text \<open>The minimiser \<open>x\<^sup>\<star>\<close> is characterised by the variational inequality
  \<open>0 \<le> \<langle>A\<^sup>*(Ax\<^sup>\<star> - b), z - x\<^sup>\<star>\<rangle> + \<lambda>(g z - g x\<^sup>\<star>)\<close>, which says that \<open>x\<^sup>\<star>\<close> is the proximal point
  of \<open>x\<^sup>\<star> - A\<^sup>*(Ax\<^sup>\<star> - b)\<close>. Since the proximal map is nonexpansive, \<open>\<parallel>e\<^sub>k\<^sub>+\<^sub>1\<parallel>\<close> is at most the
  distance of the two arguments, which is \<open>(I - p(A\<^sup>*A)A\<^sup>*A)e\<^sub>k + (I - p(A\<^sup>*A))A\<^sup>*(Ax\<^sup>\<star> - b)\<close>.
  Unrolling \<open>\<parallel>e\<^sub>k\<^sub>+\<^sub>1\<parallel> \<le> \<gamma>\<parallel>e\<^sub>k\<parallel> + \<delta>\<close> gives \<open>\<parallel>e\<^sub>k\<parallel> \<le> \<gamma>\<^sup>k(\<parallel>e\<^sub>0\<parallel> - \<delta>/(1-\<gamma>)) + \<delta>/(1-\<gamma>)\<close>.\<close>

lemma nonneg_if_nonneg_for_small_steps:
  fixes a c :: real
  assumes "\<And>t. 0 < t \<Longrightarrow> t \<le> 1 \<Longrightarrow> 0 \<le> a + t * c"
  shows "0 \<le> a"
proof (rule ccontr)
  assume "\<not> 0 \<le> a"
  hence a: "a < 0" by simp
  define t where "t = min 1 (-a / (\<bar>c\<bar> + 1))"
  have "0 < -a / (\<bar>c\<bar> + 1)" using a by (intro divide_pos_pos) auto
  hence t0: "0 < t" by (simp add: t_def)
  have "t * c \<le> t * \<bar>c\<bar>" using t0 by (simp add: mult_left_mono)
  also have "\<dots> \<le> (-a / (\<bar>c\<bar> + 1)) * \<bar>c\<bar>" by (rule mult_right_mono) (auto simp: t_def)
  also have "\<dots> < -a" using a by (simp add: field_simps)
  finally have "a + t * c < 0" by simp
  with assms[OF t0] show False by (simp add: t_def)
qed

text \<open>First-order optimality for \<open>Q + \<lambda>g\<close> when \<open>Q\<close> is quadratic along the line through \<open>u\<close>
  in direction \<open>d\<close>: \<open>L\<close> is the directional derivative of \<open>Q\<close>.\<close>
lemma convex_minimizer_directional_ineq:
  fixes Q g :: "'a::real_vector \<Rightarrow> real"
  assumes cvx: "convex_on UNIV g" and lam: "lam \<ge> 0"
    and min: "\<And>z. Q u + lam * g u \<le> Q z + lam * g z"
    and quadratic: "\<And>t::real. Q (u + t *\<^sub>R d) = Q u + t * L + t\<^sup>2 * C"
  shows "0 \<le> L + lam * (g (u + d) - g u)"
proof (rule nonneg_if_nonneg_for_small_steps[where c = C])
  fix t :: real assume t0: "0 < t" and t1: "t \<le> 1"
  have "u + t *\<^sub>R d = (1 - t) *\<^sub>R u + t *\<^sub>R (u + d)" by (simp add: algebra_simps)
  hence "g (u + t *\<^sub>R d) \<le> (1 - t) * g u + t * g (u + d)"
    using t0 t1 by (simp add: convex_onD[OF cvx])
  hence g_le: "lam * (g (u + t *\<^sub>R d) - g u) \<le> lam * (t * (g (u + d) - g u))"
    using lam by (intro mult_left_mono) (auto simp: algebra_simps)
  have "0 \<le> t * L + t\<^sup>2 * C + lam * (g (u + t *\<^sub>R d) - g u)"
    using min[of "u + t *\<^sub>R d"] quadratic[of t] by (simp add: algebra_simps)
  also have "\<dots> \<le> t * (L + lam * (g (u + d) - g u) + t * C)"
    using g_le by (simp add: algebra_simps power2_eq_square)
  finally show "0 \<le> L + lam * (g (u + d) - g u) + t * C"
    using t0 by (simp add: zero_le_mult_iff)
qed

lemma power2_norm_add_scaleR:
  fixes a d :: "'a::real_inner"
  shows "(norm (a + t *\<^sub>R d))\<^sup>2 = (norm a)\<^sup>2 + 2 * t * inner a d + t\<^sup>2 * (norm d)\<^sup>2"
  unfolding power2_norm_eq_inner
  by (simp add: inner_add_left inner_add_right inner_commute algebra_simps power2_eq_square)

text \<open>The slope of the cone comes from the minimum of \<open>g\<close> on the unit sphere around \<open>v\<close>.\<close>
lemma convex_on_ge_cone_outside_ball:
  fixes g :: "'a::euclidean_space \<Rightarrow> real"
  assumes cvx: "convex_on UNIV g"
  obtains c where "c \<ge> 0" "\<And>x. norm (x - v) \<ge> 1 \<Longrightarrow> g x \<ge> g v - norm (x - v) * c"
proof -
  have cont: "continuous_on UNIV g" using convex_on_continuous[OF open_UNIV cvx] .
  have "sphere v 1 \<noteq> {}" by simp
  then obtain w0 where w0: "\<And>w. w \<in> sphere v 1 \<Longrightarrow> g w0 \<le> g w"
    using continuous_attains_inf[OF compact_sphere _ continuous_on_subset[OF cont]] by blast
  show ?thesis
  proof (rule that[of "\<bar>g v - g w0\<bar>"])
  fix x assume R1: "norm (x - v) \<ge> 1"
  define R where "R = norm (x - v)"
  have R: "R \<ge> 1" using R1 by (simp add: R_def)
  define w where "w = (1 - 1/R) *\<^sub>R v + (1/R) *\<^sub>R x"
  have "w - v = (1/R) *\<^sub>R (x - v)" by (simp add: w_def algebra_simps)
  moreover have "x \<noteq> v" using R by (auto simp: R_def)
  ultimately have "norm (w - v) = 1" by (simp add: R_def)
  hence "g w0 \<le> g w" by (intro w0) (simp add: dist_norm norm_minus_commute)
  also have "g w \<le> (1 - 1/R) * g v + (1/R) * g x"
    unfolding w_def using R by (intro convex_onD[OF cvx]) auto
  finally have "R * g w0 \<le> R * ((1 - 1/R) * g v + (1/R) * g x)"
    using R by (intro mult_left_mono) auto
  also have "\<dots> = (R - 1) * g v + g x" using R by (simp add: field_simps)
  finally have "g x \<ge> g v - R * (g v - g w0)" by (simp add: algebra_simps)
  moreover have "R * (g v - g w0) \<le> R * \<bar>g v - g w0\<bar>" using R by (intro mult_left_mono) auto
  ultimately show "g x \<ge> g v - norm (x - v) * \<bar>g v - g w0\<bar>" by (simp add: R_def)
  qed simp
qed

lemma prox_objective_has_minimizer:
  fixes g :: "'a::euclidean_space \<Rightarrow> real"
  assumes cvx: "convex_on UNIV g" and lam: "lam > 0"
  shows "\<exists>u. \<forall>z. (1/2) * (norm (u - v))\<^sup>2 + lam * g u \<le> (1/2) * (norm (z - v))\<^sup>2 + lam * g z"
proof -
  obtain c where c0: "c \<ge> 0" and cone: "\<And>x. norm (x - v) \<ge> 1 \<Longrightarrow> g x \<ge> g v - norm (x - v) * c"
    using convex_on_ge_cone_outside_ball[OF cvx] by blast
  define F where "F = (\<lambda>x. (1/2) * (norm (x - v))\<^sup>2 + lam * g x)"
  have "continuous_on UNIV F"
    unfolding F_def by (intro continuous_intros convex_on_continuous[OF open_UNIV cvx])
  define R0 where "R0 = 2 * lam * c + 1"
  have R0: "R0 \<ge> 1" using c0 lam by (simp add: R0_def)
  then have "cball v R0 \<noteq> {}" by simp
  then obtain u where u: "\<And>z. z \<in> cball v R0 \<Longrightarrow> F u \<le> F z"
    using continuous_attains_inf[OF compact_cball _ continuous_on_subset[OF \<open>continuous_on UNIV F\<close>]]
    by blast
  text \<open>Beyond radius \<open>R0\<close> the quadratic term beats the linear decrease of \<open>\<lambda>g\<close>, so \<open>F\<close>
    exceeds \<open>F v\<close> there.\<close>
  have "F u \<le> F z" for z
  proof (cases "norm (z - v) \<le> R0")
    case True
    then show ?thesis by (intro u) (simp add: dist_norm norm_minus_commute)
  next
    case False
    define R where "R = norm (z - v)"
    have R: "R > R0" "R \<ge> 1" using False R0 by (auto simp: R_def)
    have "R * (lam * c) \<le> R * (R / 2)" using R by (intro mult_left_mono) (auto simp: R0_def)
    moreover have "lam * (g v - R * c) \<le> lam * g z"
      using cone[of z] R lam by (intro mult_left_mono) (auto simp: R_def)
    ultimately have "F v \<le> F z"
      unfolding F_def R_def[symmetric] by (simp add: algebra_simps power2_eq_square)
    moreover have "F u \<le> F v" using u[of v] R0 by simp
    ultimately show ?thesis by simp
  qed
  thus ?thesis unfolding F_def by blast
qed

lemma prox_variational_ineq:
  fixes g :: "'a::euclidean_space \<Rightarrow> real"
  assumes cvx: "convex_on UNIV g" and lam: "lam > 0"
  shows "0 \<le> inner (prox lam g v - v) (z - prox lam g v) + lam * (g z - g (prox lam g v))"
proof -
  let ?u = "prox lam g v"
  have min: "\<forall>z. (1/2) * (norm (?u - v))\<^sup>2 + lam * g ?u \<le> (1/2) * (norm (z - v))\<^sup>2 + lam * g z"
    unfolding prox_def by (rule someI_ex[OF prox_objective_has_minimizer[OF cvx lam]])
  have "0 \<le> inner (?u - v) (z - ?u) + lam * (g (?u + (z - ?u)) - g ?u)"
  proof (rule convex_minimizer_directional_ineq[where Q = "\<lambda>x. (1/2) * (norm (x - v))\<^sup>2"
        and C = "(1/2) * (norm (z - ?u))\<^sup>2", OF cvx])
    fix t :: real
    have line: "?u + t *\<^sub>R (z - ?u) - v = (?u - v) + t *\<^sub>R (z - ?u)" by (simp add: algebra_simps)
    show "(1/2) * (norm (?u + t *\<^sub>R (z - ?u) - v))\<^sup>2 = (1/2) * (norm (?u - v))\<^sup>2
        + t * inner (?u - v) (z - ?u) + t\<^sup>2 * ((1/2) * (norm (z - ?u))\<^sup>2)"
      unfolding line power2_norm_add_scaleR by (simp add: algebra_simps)
  qed (use lam min in auto)
  thus ?thesis by simp
qed

lemma nonexpansive_of_variational_ineq:
  fixes g :: "'a::real_inner \<Rightarrow> real"
  assumes vi1: "\<And>z. 0 \<le> inner (u1 - v1) (z - u1) + lam * (g z - g u1)"
    and vi2: "\<And>z. 0 \<le> inner (u2 - v2) (z - u2) + lam * (g z - g u2)"
  shows "norm (u1 - u2) \<le> norm (v1 - v2)"
proof -
  have "0 \<le> inner (u1 - v1) (u2 - u1) + inner (u2 - v2) (u1 - u2)"
    using vi1[of u2] vi2[of u1] by (simp add: algebra_simps)
  also have "\<dots> = inner (v1 - v2) (u1 - u2) - inner (u1 - u2) (u1 - u2)"
    by (simp add: inner_diff_left inner_diff_right inner_commute algebra_simps)
  finally have "(norm (u1 - u2))\<^sup>2 \<le> inner (v1 - v2) (u1 - u2)"
    by (simp add: power2_norm_eq_inner)
  also have "\<dots> \<le> norm (v1 - v2) * norm (u1 - u2)" by (rule norm_cauchy_schwarz)
  finally show ?thesis
    by (cases "norm (u1 - u2) = 0") (auto simp: power2_eq_square mult_le_cancel_right)
qed

lemma inner_matrix_vector_mult_adjoint:
  fixes A :: "complex^'n^'m"
  shows "inner (A *v d) r = inner d (adjoint_mat A *v r)"
  unfolding inner_vec_def matrix_vector_mult_def adjoint_mat_def inner_complex_def
  apply (simp add: Re_sum Im_sum sum_distrib_left sum_distrib_right sum.distrib[symmetric])
  apply (subst sum.swap)
  apply (intro sum.cong refl)
  apply (simp add: algebra_simps)
  done

lemma least_squares_minimizer_variational_ineq:
  fixes A :: "complex^'n^'m" and g :: "complex^'n \<Rightarrow> real"
  assumes cvx: "convex_on UNIV g" and lam: "lam \<ge> 0"
    and min: "\<And>x. (1/2) * (norm (A *v xstar - b))\<^sup>2 + lam * g xstar
                   \<le> (1/2) * (norm (A *v x - b))\<^sup>2 + lam * g x"
  shows "0 \<le> inner (adjoint_mat A *v (A *v xstar - b)) (z - xstar) + lam * (g z - g xstar)"
proof -
  define r where "r = A *v xstar - b"
  define d where "d = z - xstar"
  have "0 \<le> inner r (A *v d) + lam * (g (xstar + d) - g xstar)"
  proof (rule convex_minimizer_directional_ineq[where Q = "\<lambda>x. (1/2) * (norm (A *v x - b))\<^sup>2"
        and C = "(1/2) * (norm (A *v d))\<^sup>2", OF cvx lam min])
    fix t :: real
    have line: "A *v (xstar + t *\<^sub>R d) - b = r + t *\<^sub>R (A *v d)"
      by (simp add: r_def matrix_vector_right_distrib linear_scale[OF matrix_vector_mul_linear])
    show "(1/2) * (norm (A *v (xstar + t *\<^sub>R d) - b))\<^sup>2 = (1/2) * (norm (A *v xstar - b))\<^sup>2
        + t * inner r (A *v d) + t\<^sup>2 * ((1/2) * (norm (A *v d))\<^sup>2)"
      unfolding line power2_norm_add_scaleR r_def[symmetric] by (simp add: algebra_simps)
  qed
  moreover have "inner r (A *v d) = inner (adjoint_mat A *v r) d"
    using inner_matrix_vector_mult_adjoint[of A d r] by (simp add: inner_commute)
  ultimately show ?thesis by (simp add: d_def r_def)
qed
:::
Across the records above, count the lines holding "fixes" and write down only that count.

9